* Data for this exercise:
- Opening Delimiter -

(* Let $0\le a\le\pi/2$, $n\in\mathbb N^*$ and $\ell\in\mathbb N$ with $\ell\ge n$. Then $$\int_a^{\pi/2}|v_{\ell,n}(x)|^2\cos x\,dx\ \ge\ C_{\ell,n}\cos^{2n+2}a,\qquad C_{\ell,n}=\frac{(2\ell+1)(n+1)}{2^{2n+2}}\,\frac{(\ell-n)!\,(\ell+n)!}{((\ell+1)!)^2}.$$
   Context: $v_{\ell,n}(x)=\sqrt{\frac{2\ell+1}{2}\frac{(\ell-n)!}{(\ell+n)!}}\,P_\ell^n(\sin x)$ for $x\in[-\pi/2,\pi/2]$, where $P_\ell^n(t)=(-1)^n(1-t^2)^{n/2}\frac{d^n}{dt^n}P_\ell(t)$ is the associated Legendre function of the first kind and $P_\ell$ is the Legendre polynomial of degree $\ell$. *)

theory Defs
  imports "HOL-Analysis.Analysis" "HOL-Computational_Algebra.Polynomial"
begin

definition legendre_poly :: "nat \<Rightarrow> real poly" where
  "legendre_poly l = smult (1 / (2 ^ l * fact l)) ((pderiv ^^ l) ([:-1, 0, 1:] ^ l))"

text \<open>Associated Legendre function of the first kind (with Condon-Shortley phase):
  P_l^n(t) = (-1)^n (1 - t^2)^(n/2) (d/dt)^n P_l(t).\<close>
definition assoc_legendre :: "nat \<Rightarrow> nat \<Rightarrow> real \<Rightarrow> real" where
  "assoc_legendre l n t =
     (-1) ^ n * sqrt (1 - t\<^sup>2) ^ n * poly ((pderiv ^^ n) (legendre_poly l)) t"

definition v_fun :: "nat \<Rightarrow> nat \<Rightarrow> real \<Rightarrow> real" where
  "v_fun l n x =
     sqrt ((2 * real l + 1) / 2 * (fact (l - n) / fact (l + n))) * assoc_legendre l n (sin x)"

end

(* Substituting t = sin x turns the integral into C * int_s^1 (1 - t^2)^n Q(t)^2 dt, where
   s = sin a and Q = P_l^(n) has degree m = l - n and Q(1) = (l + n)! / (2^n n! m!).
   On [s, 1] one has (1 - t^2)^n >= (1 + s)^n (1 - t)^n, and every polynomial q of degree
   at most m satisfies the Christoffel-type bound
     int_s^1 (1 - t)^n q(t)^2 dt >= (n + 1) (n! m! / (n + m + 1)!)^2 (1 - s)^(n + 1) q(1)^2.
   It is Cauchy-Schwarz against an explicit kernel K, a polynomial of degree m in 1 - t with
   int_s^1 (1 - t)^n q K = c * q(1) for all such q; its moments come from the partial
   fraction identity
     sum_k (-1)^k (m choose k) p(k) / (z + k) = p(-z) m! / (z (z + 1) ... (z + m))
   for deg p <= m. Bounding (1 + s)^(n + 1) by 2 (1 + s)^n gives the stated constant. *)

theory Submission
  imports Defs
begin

- Closing Delimiter -

* Your objective: Nothing but the lines from the one containing "int_s^1 (1 - t)^n q K" through the last line of the listing should be output, each exactly as written.

* Solved problem:
   int_s^1 (1 - t)^n q K = c * q(1) for all such q; its moments come from the partial
   fraction identity
     sum_k (-1)^k (m choose k) p(k) / (z + k) = p(-z) m! / (z (z + 1) ... (z + m))
   for deg p <= m. Bounding (1 + s)^(n + 1) by 2 (1 + s)^n gives the stated constant. *)

theory Submission
  imports Defs
begin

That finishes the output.